Consider a water pipe that tapers down from a diameter dA= 5.0 cm at
end A to a diameter dB = 2.5 cm at end B. At each end a vertical pipe that is open to the air at the
top is attached to the pipe as shown in the Figure. (Not to scale, the pipes are much taller than
shown.) Assume that water flows through the pipe at high enough pressure that the vertical pipes
1 and 2 are partially filled with water. You may take g=10 m/s2
(a) In which pipe will the water level be higher or will it be at the same height in both pipes?
Explain. Does this depend on the direction of the water flow?
(b) If the water enters the pipe at point A with a velocity vA=2.0 m/s, what is its velocity when it
exits at point B?
(c) If the water enters the pipe at point A with a velocity vA=2.0 m/s, what is the height
difference between the levels in the two vertical pipes? If the difference is not zero, please
indicate which pipe has the higher level.
The Attempt at a Solution
(a) My answer is that because end A will have higher pressure than end B due to Bernoulli's principle and the equation above, the water level in column 1 will be higher than column 2.
I'm just not entirely sure that it's correct.
vB=πrA2 * vA / (πrB2)
= 8.0 m/s
(c) This is the answer I'm most uncertain about.

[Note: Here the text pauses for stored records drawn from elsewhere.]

(* Let $\tau\geq 1$ be a constant and let $u\neq v$ be points in the plane. Consider points $w$ with $\angle wuv\in[0,\pi/2)$, $\angle wvu\in[0,\pi/2)$ and $\tau|vw|<|uv|$, and the ratio $$\frac{|uw|}{|uv|-\tau|vw|}.$$ Then: (1) if $w$ is restricted to a compact segment of a circular arc centered at $u$, the ratio is maximized when $|vw|$ is largest; (2) if $w$ is restricted to a compact segment of a ray emanating from $v$, the ratio is maximized when $|vw|$ is largest; (3) if $w$ is restricted to a compact segment of a ray emanating from $u$, the maximum of the ratio is achieved at the position of $w$ making $|uw|$ largest or at the position making $|uw|$ smallest. *)

theory Defs
  imports "HOL-Analysis.Analysis"
begin

type_synonym point = "real^2"

text \<open>Angle at vertex b between the segments b--a and b--c (value in [0,pi]).
  Convention: if a = b or c = b the angle is pi/2 (as for vangle in the AFP).\<close>
definition geom_angle :: "point \<Rightarrow> point \<Rightarrow> point \<Rightarrow> real" where
  "geom_angle a b c =
     (if a = b \<or> c = b then pi / 2
      else arccos (((a - b) \<bullet> (c - b)) / (norm (a - b) * norm (c - b))))"

definition arc_segment :: "point \<Rightarrow> real \<Rightarrow> real \<Rightarrow> real \<Rightarrow> point set" where
  "arc_segment c r a b = (\<lambda>\<theta>. c + r *\<^sub>R vector [cos \<theta>, sin \<theta>]) ` {a..b}"

definition ray_segment :: "point \<Rightarrow> point \<Rightarrow> real \<Rightarrow> real \<Rightarrow> point set" where
  "ray_segment p d s t = (\<lambda>x. p + x *\<^sub>R d) ` {s..t}"

definition admissible :: "real \<Rightarrow> point \<Rightarrow> point \<Rightarrow> point \<Rightarrow> bool" where
  "admissible \<tau> u v w \<longleftrightarrow>
     0 \<le> geom_angle w u v \<and> geom_angle w u v < pi / 2 \<and>
     0 \<le> geom_angle w v u \<and> geom_angle w v u < pi / 2 \<and>
     \<tau> * dist v w < dist u v"

definition ratio :: "real \<Rightarrow> point \<Rightarrow> point \<Rightarrow> point \<Rightarrow> real" where
  "ratio \<tau> u v w = dist u w / (dist u v - \<tau> * dist v w)"

end

theory Submission
  imports Defs
begin

text \<open>On an arc centred at \<open>u\<close> the numerator \<open>|uw|\<close> is constant, so the ratio grows with \<open>|vw|\<close>.
  On a ray from \<open>v\<close>, moving \<open>w\<close> outwards by \<open>\<delta>\<close> lowers the numerator by at most \<open>\<delta>\<close> but the
  denominator by \<open>\<tau>\<delta>\<close>, and the denominator never exceeds the numerator; this makes the ratio
  increase. On a ray from \<open>u\<close> the numerator is linear and the denominator concave in the
  parameter, so every sublevel set of the ratio is an interval and the maximum is attained at an
  end point.\<close>

lemma norm_vector_cos_sin [simp]: "norm (vector [cos t, sin t] :: real^2) = 1"
  by (simp add: norm_eq_sqrt_inner inner_vec_def sum_2 flip: power2_eq_square)

lemma compact_arc_segment: "compact (arc_segment c r a b)"
proof -
  have eq: "(\<lambda>\<theta>. c + r *\<^sub>R vector [cos \<theta>, sin \<theta>]) =
        (\<lambda>\<theta>. c + r *\<^sub>R (cos \<theta> *\<^sub>R vector [1, 0] + sin \<theta> *\<^sub>R vector [0, 1]) :: point)"
    by (simp add: fun_eq_iff vec_eq_iff forall_2)
  show ?thesis
    unfolding arc_segment_def eq by (intro compact_continuous_image compact_Icc continuous_intros)
qed

lemma compact_ray_segment: "compact (ray_segment p d s t)"
  unfolding ray_segment_def
  by (intro compact_continuous_image compact_Icc continuous_intros)

lemma dist_centre_arc_segment:
  assumes "r \<ge> 0" "w \<in> arc_segment c r a b"
  shows "dist c w = r"
  using assms unfolding arc_segment_def by (auto simp: dist_norm)

lemma dist_ray_point:
  fixes p d :: "'a::real_normed_vector"
  assumes "x \<ge> 0"
  shows "dist p (p + x *\<^sub>R d) = x * norm d"
  using assms
  by (simp add: dist_norm)

lemma exists_farthest_point:
  fixes S :: "'a::metric_space set"
  assumes "compact S" "S \<noteq> {}"
  shows "\<exists>w0\<in>S. \<forall>w\<in>S. dist v w \<le> dist v w0"
  using continuous_attains_sup[OF assms continuous_on_dist[OF continuous_on_const continuous_on_id]]
  by simp

lemma admissible_denominator_pos: "admissible \<tau> u v w \<Longrightarrow> dist u v - \<tau> * dist v w > 0"
  unfolding admissible_def by simp

lemma convex_on_dist_line:
  fixes a p d :: "'a::real_normed_vector"
  assumes "convex S"
  shows "convex_on S (\<lambda>x. dist a (p + x *\<^sub>R d))"
proof (rule convex_onI[OF _ assms])
  fix l x y :: real
  assume "0 < l" "l < 1"
  have "a - (p + ((1 - l) *\<^sub>R x + l *\<^sub>R y) *\<^sub>R d) =
        (1 - l) *\<^sub>R (a - (p + x *\<^sub>R d)) + l *\<^sub>R (a - (p + y *\<^sub>R d))"
    by (simp add: algebra_simps)
  then show "dist a (p + ((1 - l) *\<^sub>R x + l *\<^sub>R y) *\<^sub>R d)
             \<le> (1 - l) * dist a (p + x *\<^sub>R d) + l * dist a (p + y *\<^sub>R d)"
    using \<open>0 < l\<close> \<open>l < 1\<close> unfolding dist_norm
    by (metis abs_of_nonneg less_eq_real_def norm_scaleR norm_triangle_ineq diff_ge_0_iff_ge)
qed

lemma convex_div_concave_le_max:
  fixes f g :: "real \<Rightarrow> real"
  assumes "convex_on {s..t} f" "concave_on {s..t} g" "\<forall>y\<in>{s..t}. g y > 0"
    and "0 \<le> f s" "x \<in> {s..t}"
  shows "f x / g x \<le> max (f s / g s) (f t / g t)"
proof -
  define R where "R = max (f s / g s) (f t / g t)"
  have st: "s \<in> {s..t}" "t \<in> {s..t}" using \<open>x \<in> {s..t}\<close> by auto
  have "f s / g s \<le> R" "f t / g t \<le> R"
    unfolding R_def by auto
  then have endpoints: "f s - R * g s \<le> 0" "f t - R * g t \<le> 0"
    using assms(3) st by (simp_all add: pos_divide_le_eq)
  have "0 \<le> f s / g s"
    using assms(3,4) st by (simp add: divide_nonneg_pos)
  then have "R \<ge> 0"
    using \<open>f s / g s \<le> R\<close> by linarith
  then have "convex_on {s..t} (\<lambda>y. f y - R * g y)"
    using assms(1,2) convex_on_cmul[of R "{s..t}" "\<lambda>y. - g y"]
    by (intro convex_on_diff) (auto simp: concave_on_def)
  then have "f x - R * g x \<le> 0"
    using convex_on_le_max[OF _ \<open>x \<in> {s..t}\<close>] endpoints by fastforce
  then show ?thesis
    using assms(3,5) unfolding R_def by (simp add: pos_divide_le_eq)
qed

lemma dist_ratio_le_farther:
  fixes u v w w' :: "'a::metric_space"
  assumes tau: "\<tau> \<ge> 1" and between: "dist v w' = dist v w + dist w w'"
    and pos: "dist u v - \<tau> * dist v w' > 0"
  shows "dist u w / (dist u v - \<tau> * dist v w) \<le> dist u w' / (dist u v - \<tau> * dist v w')"
proof -
  define a b \<delta> A where "a = dist u w" and "b = dist u w'" and "\<delta> = dist w w'"
    and "A = dist u v - \<tau> * dist v w"
  have B: "dist u v - \<tau> * dist v w' = A - \<tau> * \<delta>"
    unfolding A_def \<delta>_def between by (simp add: algebra_simps)
  have "\<tau> * \<delta> \<ge> 0"
    using tau unfolding \<delta>_def by simp
  then have "A > 0"
    using pos unfolding B by linarith
  have "a - b \<le> \<delta>"
    using dist_triangle[of u w w'] unfolding a_def b_def \<delta>_def by (simp add: dist_commute)
  have "dist u v \<le> a + dist v w"
    unfolding a_def by (metis dist_commute dist_triangle)
  moreover have "dist v w \<le> \<tau> * dist v w"
    using tau mult_right_mono[of 1 \<tau> "dist v w"] by simp
  ultimately have "A \<le> a"
    unfolding A_def by linarith
  have "\<delta> * a \<le> \<tau> * (\<delta> * a)"
    using tau mult_right_mono[of 1 \<tau> "\<delta> * a"] unfolding a_def \<delta>_def by simp
  then have "a * (A - \<tau> * \<delta>) \<le> a * A - \<delta> * a"
    by (simp add: algebra_simps)
  also have "\<dots> \<le> a * A - \<delta> * A"
    using \<open>A \<le> a\<close> by (simp add: \<delta>_def mult_left_mono)
  also have "\<dots> \<le> a * A - (a - b) * A"
    using \<open>a - b \<le> \<delta>\<close> \<open>A > 0\<close> by (simp add: mult_right_mono)
  finally have "a * (A - \<tau> * \<delta>) \<le> b * A"
    by (simp add: algebra_simps)
  then show ?thesis
    using \<open>A > 0\<close> pos unfolding B a_def[symmetric] b_def[symmetric] A_def[symmetric]
    by (simp add: divide_simps mult.commute)
qed

lemma ratio_le_at_farthest_on_arc_segment:
  assumes tau: "\<tau> \<ge> 0" and "r > 0"
    and adm: "\<forall>w\<in>arc_segment u r a b. admissible \<tau> u v w"
    and w: "w \<in> arc_segment u r a b" and w0: "w0 \<in> arc_segment u r a b"
    and farthest: "\<forall>w\<in>arc_segment u r a b. dist v w \<le> dist v w0"
  shows "ratio \<tau> u v w \<le> ratio \<tau> u v w0"
proof -
  have "dist u w = r" "dist u w0 = r"
    using dist_centre_arc_segment w w0 \<open>r > 0\<close> by auto
  moreover have "\<tau> * dist v w \<le> \<tau> * dist v w0"
    using farthest w tau by (simp add: mult_left_mono)
  ultimately show ?thesis
    using admissible_denominator_pos adm w w0 \<open>r > 0\<close>
    unfolding ratio_def by (intro frac_le) auto
qed

lemma ratio_le_at_farthest_on_ray_segment_from_v:
  assumes tau: "\<tau> \<ge> 1" and "d \<noteq> 0" "0 \<le> s"
    and adm: "\<forall>w\<in>ray_segment v d s t. admissible \<tau> u v w"
    and w: "w \<in> ray_segment v d s t" and w0: "w0 \<in> ray_segment v d s t"
    and farthest: "\<forall>w\<in>ray_segment v d s t. dist v w \<le> dist v w0"
  shows "ratio \<tau> u v w \<le> ratio \<tau> u v w0"
proof -
  obtain x y where xy: "x \<in> {s..t}" "y \<in> {s..t}"
    and w_eq: "w = v + x *\<^sub>R d" and w0_eq: "w0 = v + y *\<^sub>R d"
    using w w0 unfolding ray_segment_def by auto
  have "x * norm d \<le> y * norm d"
    using farthest w xy \<open>0 \<le> s\<close> dist_ray_point[of x v d] dist_ray_point[of y v d]
    unfolding w_eq w0_eq by auto
  then have "x \<le> y"
    using \<open>d \<noteq> 0\<close> by simp
  then have "dist w w0 = (y - x) * norm d"
    unfolding w_eq w0_eq by (simp add: dist_norm flip: scaleR_diff_left)
  then have "dist v w0 = dist v w + dist w w0"
    using xy \<open>0 \<le> s\<close> unfolding w_eq w0_eq by (simp add: dist_ray_point algebra_simps)
  then show ?thesis
    unfolding ratio_def using dist_ratio_le_farther tau admissible_denominator_pos adm w0 by blast
qed

lemma ratio_max_on_ray_segment_from_u:
  assumes tau: "\<tau> \<ge> 0" and "0 \<le> s" "s \<le> t"
    and adm: "\<forall>w\<in>ray_segment u d s t. admissible \<tau> u v w"
  shows "\<exists>w0\<in>ray_segment u d s t.
          ((\<forall>w\<in>ray_segment u d s t. dist u w \<le> dist u w0) \<or>
           (\<forall>w\<in>ray_segment u d s t. dist u w0 \<le> dist u w)) \<and>
          (\<forall>w\<in>ray_segment u d s t. ratio \<tau> u v w \<le> ratio \<tau> u v w0)"
proof -
  define P where "P x = u + x *\<^sub>R d" for x
  define f where "f x = x * norm d" for x
  define g where "g x = dist u v - \<tau> * dist v (P x)" for x
  have ratio_P: "ratio \<tau> u v (P x) = f x / g x" if "x \<in> {s..t}" for x
    using that \<open>0 \<le> s\<close> unfolding ratio_def f_def g_def P_def by (simp add: dist_ray_point)
  have "convex_on {s..t} f"
    unfolding f_def by (simp add: convex_on_def algebra_simps)
  moreover have "convex_on {s..t} (\<lambda>x. \<tau> * dist v (P x))"
    unfolding P_def using tau by (intro convex_on_cmul convex_on_dist_line) auto
  then have "concave_on {s..t} g"
    unfolding g_def by (intro concave_on_diff) (simp_all add: concave_on_const)
  moreover have "\<forall>y\<in>{s..t}. g y > 0"
    using adm admissible_denominator_pos unfolding g_def P_def ray_segment_def by blast
  ultimately have ratio_le: "ratio \<tau> u v (P x) \<le> max (ratio \<tau> u v (P s)) (ratio \<tau> u v (P t))"
    if "x \<in> {s..t}" for x
    using that convex_div_concave_le_max[of s t f g x] \<open>0 \<le> s\<close> \<open>s \<le> t\<close> ratio_P
    by (simp add: f_def)
  have dist_mono: "dist u (P x) \<le> dist u (P y)" if "x \<in> {s..t}" "y \<in> {s..t}" "x \<le> y" for x y
    using that \<open>0 \<le> s\<close> by (simp add: P_def dist_ray_point mult_right_mono)
  have seg: "ray_segment u d s t = P ` {s..t}"
    unfolding ray_segment_def P_def by simp
  show ?thesis
  proof (cases "ratio \<tau> u v (P s) \<le> ratio \<tau> u v (P t)")
    case True
    then show ?thesis
      using ratio_le dist_mono \<open>s \<le> t\<close> unfolding seg by (intro bexI[of _ "P t"]) auto
  next
    case False
    then show ?thesis
      using ratio_le dist_mono \<open>s \<le> t\<close> unfolding seg by (intro bexI[of _ "P s"]) auto
  qed
qed

theorem lemma3:
  fixes \<tau> :: real and u v :: point
  assumes tau: "\<tau> \<ge> 1" and uv: "u \<noteq> v"
  shows
   "(\<forall>r a b. r > 0 \<and> a \<le> b \<and> (\<forall>w\<in>arc_segment u r a b. admissible \<tau> u v w) \<longrightarrow>
      (\<exists>w0\<in>arc_segment u r a b. \<forall>w\<in>arc_segment u r a b. dist v w \<le> dist v w0) \<and>
      (\<forall>w0\<in>arc_segment u r a b. (\<forall>w\<in>arc_segment u r a b. dist v w \<le> dist v w0) \<longrightarrow>
          (\<forall>w\<in>arc_segment u r a b. ratio \<tau> u v w \<le> ratio \<tau> u v w0)))
    \<and>
    (\<forall>d s t. d \<noteq> 0 \<and> 0 \<le> s \<and> s \<le> t \<and> (\<forall>w\<in>ray_segment v d s t. admissible \<tau> u v w) \<longrightarrow>
      (\<exists>w0\<in>ray_segment v d s t. \<forall>w\<in>ray_segment v d s t. dist v w \<le> dist v w0) \<and>
      (\<forall>w0\<in>ray_segment v d s t. (\<forall>w\<in>ray_segment v d s t. dist v w \<le> dist v w0) \<longrightarrow>
          (\<forall>w\<in>ray_segment v d s t. ratio \<tau> u v w \<le> ratio \<tau> u v w0)))
    \<and>
    (\<forall>d s t. d \<noteq> 0 \<and> 0 \<le> s \<and> s \<le> t \<and> (\<forall>w\<in>ray_segment u d s t. admissible \<tau> u v w) \<longrightarrow>
      (\<exists>w0\<in>ray_segment u d s t.
          ((\<forall>w\<in>ray_segment u d s t. dist u w \<le> dist u w0) \<or>
           (\<forall>w\<in>ray_segment u d s t. dist u w0 \<le> dist u w)) \<and>
          (\<forall>w\<in>ray_segment u d s t. ratio \<tau> u v w \<le> ratio \<tau> u v w0)))"
proof ((intro conjI allI impI ballI; elim conjE), goal_cases)
  case (1 r a b)
  then show ?case
    by (intro exists_farthest_point compact_arc_segment) (auto simp: arc_segment_def)
next
  case (2 r a b w0 w)
  show ?case
    by (rule ratio_le_at_farthest_on_arc_segment) (use 2 tau in auto)
next
  case (3 d s t)
  then show ?case
    by (intro exists_farthest_point compact_ray_segment) (auto simp: ray_segment_def)
next
  case (4 d s t w0 w)
  show ?case
    by (rule ratio_le_at_farthest_on_ray_segment_from_v) (use 4 tau in auto)
next
  case (5 d s t)
  show ?case
    by (rule ratio_max_on_ray_segment_from_u) (use 5 tau in auto)
qed

end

From Bernoulli's equation, I derived
(yA2-yA1)=h1=[(Po-P1) - (1/2)*ρvA2]/(ρg)
(yB2-yB1)=h2=[(Po-P2) - (1/2)*ρvB2]/(ρg)
P0 = atmospheric pressure above water in vertical pipe
P1 = pressure right below vertical pipe #1
P1 = pressure right below vertical pipe #2
Δy = difference in height between A and B
I then found the difference in height between the two openings, A and B, to be 0.4625,
and, still assuming that column #1 has a higher water level, subtracted h2 from h1:
h1-h2 = [[(Po-P2 - ρg(0.4625)) - (1/2)*ρvA2] - [(Po-P2) - (1/2)*ρvB2]] / (ρg)
=[[- ρg(0.4625) - (1/2)*ρvA2] - [-(1/2)*ρvB2]] / (ρg)
=[(1/2)*vB2 - (1/2)*vA2 - g(0.4625)] / g
I get Δh=2.5375 m
As I said, I'm very uncertain about the way I approached this last part, so help would be greatly appreciated!